- [Instructions to follow]:
Find all lines in the records that include the word "bool", and copy them out.

- [Provided records]:
(* Let $n,m,n_g,n_w,r$, $A\in\mathbb{R}^{n\times n}$, $S\in\mathbb{R}^{n\times n_g}$, $C\in\mathbb{R}^{m\times n}$, $D_\omega\in\mathbb{R}^{n\times n_w}$ be given, $n_z=n+rn_g$, $d_n=(r-1)n_g$, and define $$A_a=\begin{bmatrix} A & S & 0\\ 0 & 0 & I_{d_n}\\ 0&0&0\end{bmatrix},\quad D_a=\begin{bmatrix} D_\omega & 0\\ 0&0\\ 0 & I_{n_g}\end{bmatrix},\quad C_a=\begin{bmatrix} C & 0\end{bmatrix},\quad \bar C_a=\begin{bmatrix} I_n & 0 & 0\\ 0 & I_{n_g} & 0\end{bmatrix}.$$ Suppose there exist $P\in\mathbb{R}^{n_z\times n_z}$, $P\succ 0$, $R,Q\in\mathbb{R}^{n_z\times m}$ and a scalar $\bar\lambda>0$ such that $$\begin{bmatrix} X & -(P+RC_a)D_a & \bar C_a^\top\\ * & -\bar\lambda I & 0\\ * & * & -\bar\lambda I\end{bmatrix}\prec 0,\qquad X:=A_a^\top P+A_a^\top C_a^\top R^\top-C_a^\top Q^\top+PA_a+RC_aA_a-QC_a.$$ Let $E=P^{-1}R$, $K=P^{-1}Q$, $M=I+EC_a$, $N=MA_a-KC_a$, and $T_{e_d\omega_a}(s)=-\bar C_a(sI-N)^{-1}MD_a$ (the transfer matrix from $\omega_a$ to $e_d=\bar C_a e$ of the error dynamics $\dot e=Ne-MD_a\omega_a+[K\ -E]\nu_a$). Then $\|T_{e_d\omega_a}\|_\infty<\bar\lambda$.
   Context: $*$ denotes the block that makes the matrix symmetric. The $H_\infty$-norm is $\|T\|_\infty=\sup_{\mu\in\mathbb{R}^+}\sigma_{\max}(T(i\mu))$. *)

theory Defs
  imports "Jordan_Normal_Form.Matrix" "Jordan_Normal_Form.Char_Poly"
    "Jordan_Normal_Form.Gauss_Jordan_Elimination" "Jordan_Normal_Form.Schur_Decomposition"
    "HOL-Library.Extended_Real"
begin

definition hcat :: "'a :: zero mat \<Rightarrow> 'a mat \<Rightarrow> 'a mat" where
  "hcat X Y = four_block_mat X Y (0\<^sub>m 0 (dim_col X)) (0\<^sub>m 0 (dim_col Y))"

definition block3 :: "'a :: zero mat \<Rightarrow> 'a mat \<Rightarrow> 'a mat \<Rightarrow> 'a mat \<Rightarrow> 'a mat \<Rightarrow> 'a mat
    \<Rightarrow> 'a mat \<Rightarrow> 'a mat \<Rightarrow> 'a mat \<Rightarrow> 'a mat" where
  "block3 a b c d e f g h i = hcat a (hcat b c) @\<^sub>r hcat d (hcat e f) @\<^sub>r hcat g (hcat h i)"

(* matrix inverse (junk value 0 for singular matrices) *)
definition minv :: "'a :: field mat \<Rightarrow> 'a mat" where
  "minv M = (case mat_inverse M of Some B \<Rightarrow> B | None \<Rightarrow> 0\<^sub>m (dim_row M) (dim_col M))"

definition pos_def :: "real mat \<Rightarrow> nat \<Rightarrow> bool" where
  "pos_def P k \<longleftrightarrow> P \<in> carrier_mat k k \<and> transpose_mat P = P \<and>
     (\<forall>v \<in> carrier_vec k. v \<noteq> 0\<^sub>v k \<longrightarrow> v \<bullet> (P *\<^sub>v v) > 0)"

definition neg_def :: "real mat \<Rightarrow> nat \<Rightarrow> bool" where
  "neg_def M k \<longleftrightarrow> M \<in> carrier_mat k k \<and> transpose_mat M = M \<and>
     (\<forall>v \<in> carrier_vec k. v \<noteq> 0\<^sub>v k \<longrightarrow> v \<bullet> (M *\<^sub>v v) < 0)"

- [Answer to this problem]:
definition pos_def :: "real mat \<Rightarrow> nat \<Rightarrow> bool" where
definition neg_def :: "real mat \<Rightarrow> nat \<Rightarrow> bool" where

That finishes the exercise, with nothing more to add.